— Никаких лишних, и, тем более, вымышленных подробностей прессе, — продолжал неизвестный. — Всё что им положено знать уже официально озвучено в новостях. Дело государственное. С этого момента из геттополиса ни на шаг, о дальнейшем Вас оповестят в ближайшие дни. До скорой встречи.
В словах неизвестного не было никакой жёсткости, и тем не менее, они прозвучали как военный приказ. Элис не успела ответить, и даже осмыслить происходящее, как человек исчез.
В толпе журналистов, возникло движение, — отец Элис пробирался сквозь оцепление. Он был бледен, но держался, как потомственный аристократ. Увидев реанимационные носилки, он потерял последние остатки самообладания и рванулся к дочери, сбив с ног журналиста телеканала "Братство сегодня". Корреспондент узнал профессора.
— Это профессор Вейл Найтэнгел, — послушались крики со всех сторон. Толпа ещё больше оживилась.
— Профессор, что вы почувствовали когда узнали что ваша дочь находится в заложниках?
Не сказав ни слова, профессор обнял дочь так сильно, что она почувствовала нестерпимую боль. Она попыталась освободиться, но отец отпустил её только через долгую минуту, которая сопровождалась звуками щёлкающих фотокамер. Послышался шквал аплодисментов.
— Элиссссс, — прошептал профессор гипнотическим змеиным шепотом. Я думал, что скорее сойду с ума, чем доеду до этого проклятого места! Нам надо в больницу, немедленно!
Она схватила его за руку.
— Нет, пожалуйста, только не это! Ты сам знаешь что здесь за больницы. Вот там меня точно разорвут на куски! Я дойду до машины. Отвези меня домой! Пожалуйста!
Профессор знал что через секунду дочь сорвётся в истерику. Спорить было бессмысленно и опасно, — каждое неосторожное слово, сказанное в приступе неконтролируемой ярости несло смертельную опасность оказаться в "Кричащей Тишине".
— Ты можешь идти? — спросил он, заслоняя её от галдящей толпы.
— Я поползу, лишь бы скрыться от них, — простонала Элис.
— Осторожно иди за мной, — он взял дочь за руку показывая направление. — Сейчас нас выведут.
Элис опустила голову и послушно нырнула в образовавшийся зазор между полицейскими. Ехать в больницу не имело смысла. Профессор знал это не хуже дочери. Над медициной в Братстве одержали убедительную победу много лет назад. Систему здравоохранения фактически заменило Министерство Трансплантации, — придаток биохимического завода, штамповавший искусственные органы.
Министерство вело учёт и перераспределение мест в бесконечных очередях на хирургические операции по пересадке сердца, почек, лёгких, и даже пальцев конечностей.
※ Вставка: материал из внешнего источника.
lemma guessable_by_enumeration:
  fixes R :: "nat \<Rightarrow> (nat \<Rightarrow> nat) \<Rightarrow> nat \<Rightarrow> bool" and label :: "nat \<Rightarrow> bool"
  assumes local: "\<And>c b f. locally_constant_at (\<lambda>g. R c g b) f"
    and witness: "\<And>f. \<exists>c. \<forall>b. R c f b"
    and label: "\<And>c f. \<forall>b. R c f b \<Longrightarrow> f \<in> S \<longleftrightarrow> label c"
  shows "guessable S"
proof -
  define G :: "nat list \<Rightarrow> nat"
    where "G \<sigma> = (if label (LEAST c. \<not> refutes R \<sigma> c) then 1 else 0)" for \<sigma>
  have correct: "eventually (\<lambda>n. G (map f [0..<n]) = (if f \<in> S then 1 else 0)) sequentially" for f
  proof -
    define c\<^sub>0 where "c\<^sub>0 = (LEAST c. \<forall>b. R c f b)"
    have c\<^sub>0: "\<forall>b. R c\<^sub>0 f b"
      unfolding c\<^sub>0_def using witness by (rule LeastI_ex)
    have "eventually (\<lambda>n. \<forall>c\<in>{..<c\<^sub>0}. refutes R (map f [0..<n]) c) sequentially"
    proof (rule eventually_ball_finite, safe)
      fix c assume "c < c\<^sub>0"
      then obtain b where "\<not> R c f b"
        using not_less_Least unfolding c\<^sub>0_def by blast
      then show "eventually (\<lambda>n. refutes R (map f [0..<n]) c) sequentially"
        using local by (rule eventually_refutes_prefix[rotated])
    qed
    then show ?thesis
    proof (rule eventually_mono)
      fix n assume "\<forall>c\<in>{..<c\<^sub>0}. refutes R (map f [0..<n]) c"
      then have "(LEAST c. \<not> refutes R (map f [0..<n]) c) = c\<^sub>0"
        using not_refutes_prefix[where R = R, OF c\<^sub>0]
        by (intro Least_equality) (auto simp: not_less[symmetric])
      then show "G (map f [0..<n]) = (if f \<in> S then 1 else 0)"
        using label[OF c\<^sub>0] by (simp add: G_def)
    qed
  qed
  have "guesser G S"
  proof (rule guesserI)
    show "G \<sigma> \<in> {0, 1}" for \<sigma>
      by (simp add: G_def)
    show "eventually (\<lambda>n. G (map f [0..<Suc n]) = (if f \<in> S then 1 else 0)) sequentially" for f
      using eventually_sequentially_Suc[THEN iffD2, OF correct] .
  qed
  then show ?thesis
    unfolding guessable_def by blast
qed

lemma guessable_if_Pi2_and_Sigma2:
  fixes P Q :: "(nat \<Rightarrow> nat) \<Rightarrow> nat \<Rightarrow> nat \<Rightarrow> bool"
  assumes "\<And>a b f. locally_constant_at (\<lambda>g. P g a b) f"
    and "\<And>a b f. locally_constant_at (\<lambda>g. Q g a b) f"
    and "\<And>f. f \<in> S \<longleftrightarrow> (\<forall>a. \<exists>b. P f a b)"
    and "\<And>f. f \<in> S \<longleftrightarrow> (\<exists>a. \<forall>b. Q f a b)"
  shows "guessable S"
proof (rule guessable_by_enumeration[where label = even])
  let ?R = "\<lambda>c g b. if even c then Q g (c div 2) b else \<not> P g (c div 2) b"
  show "locally_constant_at (\<lambda>g. ?R c g b) f" for c b f
    by (cases "even c") (simp_all add: assms(2) locally_constant_at_comp[OF assms(1)])
  show "\<exists>c. \<forall>b. ?R c f b" for f
  proof (cases "f \<in> S")
    case True
    then obtain a where "\<forall>b. Q f a b"
      using assms(4) by blast
    then show ?thesis
      by (intro exI[of _ "2 * a"]) simp
  next
    case False
    then obtain a where "\<forall>b. \<not> P f a b"
      using assms(3) by blast
    then show ?thesis
      by (intro exI[of _ "2 * a + 1"]) simp
  qed
  show "f \<in> S \<longleftrightarrow> even c" if "\<forall>b. ?R c f b" for c f
  proof (cases "even c")
    case True
    with that have "\<forall>b. Q f (c div 2) b"
      by simp
    with True show ?thesis
      using assms(4) by blast
  next
    case False
    with that have "\<forall>b. \<not> P f (c div 2) b"
      by simp
    with False show ?thesis
      using assms(3) by blast
  qed
qed

theorem theorem4p7:
  fixes S :: "(nat \<Rightarrow> nat) set"
  shows "guessable S \<longleftrightarrow>
    (\<exists>x y \<phi>. qfree \<phi> \<and> defines_set (All x (Ex y \<phi>)) S) \<and>
    (\<exists>x y \<psi>. qfree \<psi> \<and> defines_set (Ex x (All y \<psi>)) S)"
proof
  assume "guessable S"
  then obtain G where "guesser G S"
    unfolding guessable_def by blast
  then show "(\<exists>x y \<phi>. qfree \<phi> \<and> defines_set (All x (Ex y \<phi>)) S) \<and>
    (\<exists>x y \<psi>. qfree \<psi> \<and> defines_set (Ex x (All y \<psi>)) S)"
    using qfree_guess_formula guess_formula_defines by blast
next
  assume "(\<exists>x y \<phi>. qfree \<phi> \<and> defines_set (All x (Ex y \<phi>)) S) \<and>
    (\<exists>x y \<psi>. qfree \<psi> \<and> defines_set (Ex x (All y \<psi>)) S)"
  then obtain x y \<phi> x' y' \<psi> where "qfree \<phi>" "defines_set (All x (Ex y \<phi>)) S"
    and "qfree \<psi>" "defines_set (Ex x' (All y' \<psi>)) S"
    by blast
  then show "guessable S"
    by (intro guessable_if_Pi2_and_Sigma2[where P = "\<lambda>f a b. sat f ((\<lambda>_. 0)(x := a, y := b)) \<phi>"
          and Q = "\<lambda>f a b. sat f ((\<lambda>_. 0)(x' := a, y' := b)) \<psi>"])
      (simp_all add: locally_constant_at_sat defines_set_All_Ex_iff defines_set_Ex_All_iff)
qed

end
Место в очереди гарантировалось при условии полной занятости на одном из гетто-предприятий или в любой структуре относящейся к их функционированию. Специальный код, содержащий ближайшие даты операций для каждого конкретного жителя Братства, отображался на электронашейнике, — электронном приборе, напоминающем плотно прилегающий к шее чокер.
Ношение устройства было обязательным, — его отсутствие на шее считалось серьёзным нарушением закона и часто становилось поводом для ареста. Более тяжким преступлением считалось лишь публичное оскорбление Главнокомыслёщего и изнасилование малолетней.
Даты операций не являлись фиксированными. В течении дня, они могли отдаляться от исходных на несколько месяцев или лет. Иногда это объяснялось незапланированными экстренными операциями для военных, но в большинстве случаев изменение происходило без каких либо комментариев со стороны министерства. Последние десять символов кода являлись шифром и предназначались для служебного пользования. Шифр мог измениться в любой момент, без всякой связи с датами операций. Такие странные флюктуации вызывали смутную тревогу и желание не думать о том что всё это могло означать. Перед тем как сесть в машину профессор посмотрел на код дочери. Его служебная часть изменилась до неузнаваемости.
V
Нервный срыв догнал Элис уже в машине, — шок от столкновения со смертником прошёл, оставив нервную систему наедине с ужасом пережитых минут. Попытки профессора привести дочь в чувство терпели неминуемое фиаско, — она билась в конвульсиях, сопротивляясь любому проявлению сострадания.
Он внезапно ощутил собственную вину за терзания дочери: за это жуткое смертоносное утро, за то что создал семью на мрачном заговорённом пространстве называемым Братством. Тридцать лет назад правительство не препятствовало политическому бегству в штаты Северо-Балистического Пасьянса. Он находил тысячи оправданий, чтобы остаться, пока щит отчуждения, возникший между двумя странами, окончательно не перечеркнул эту возможность.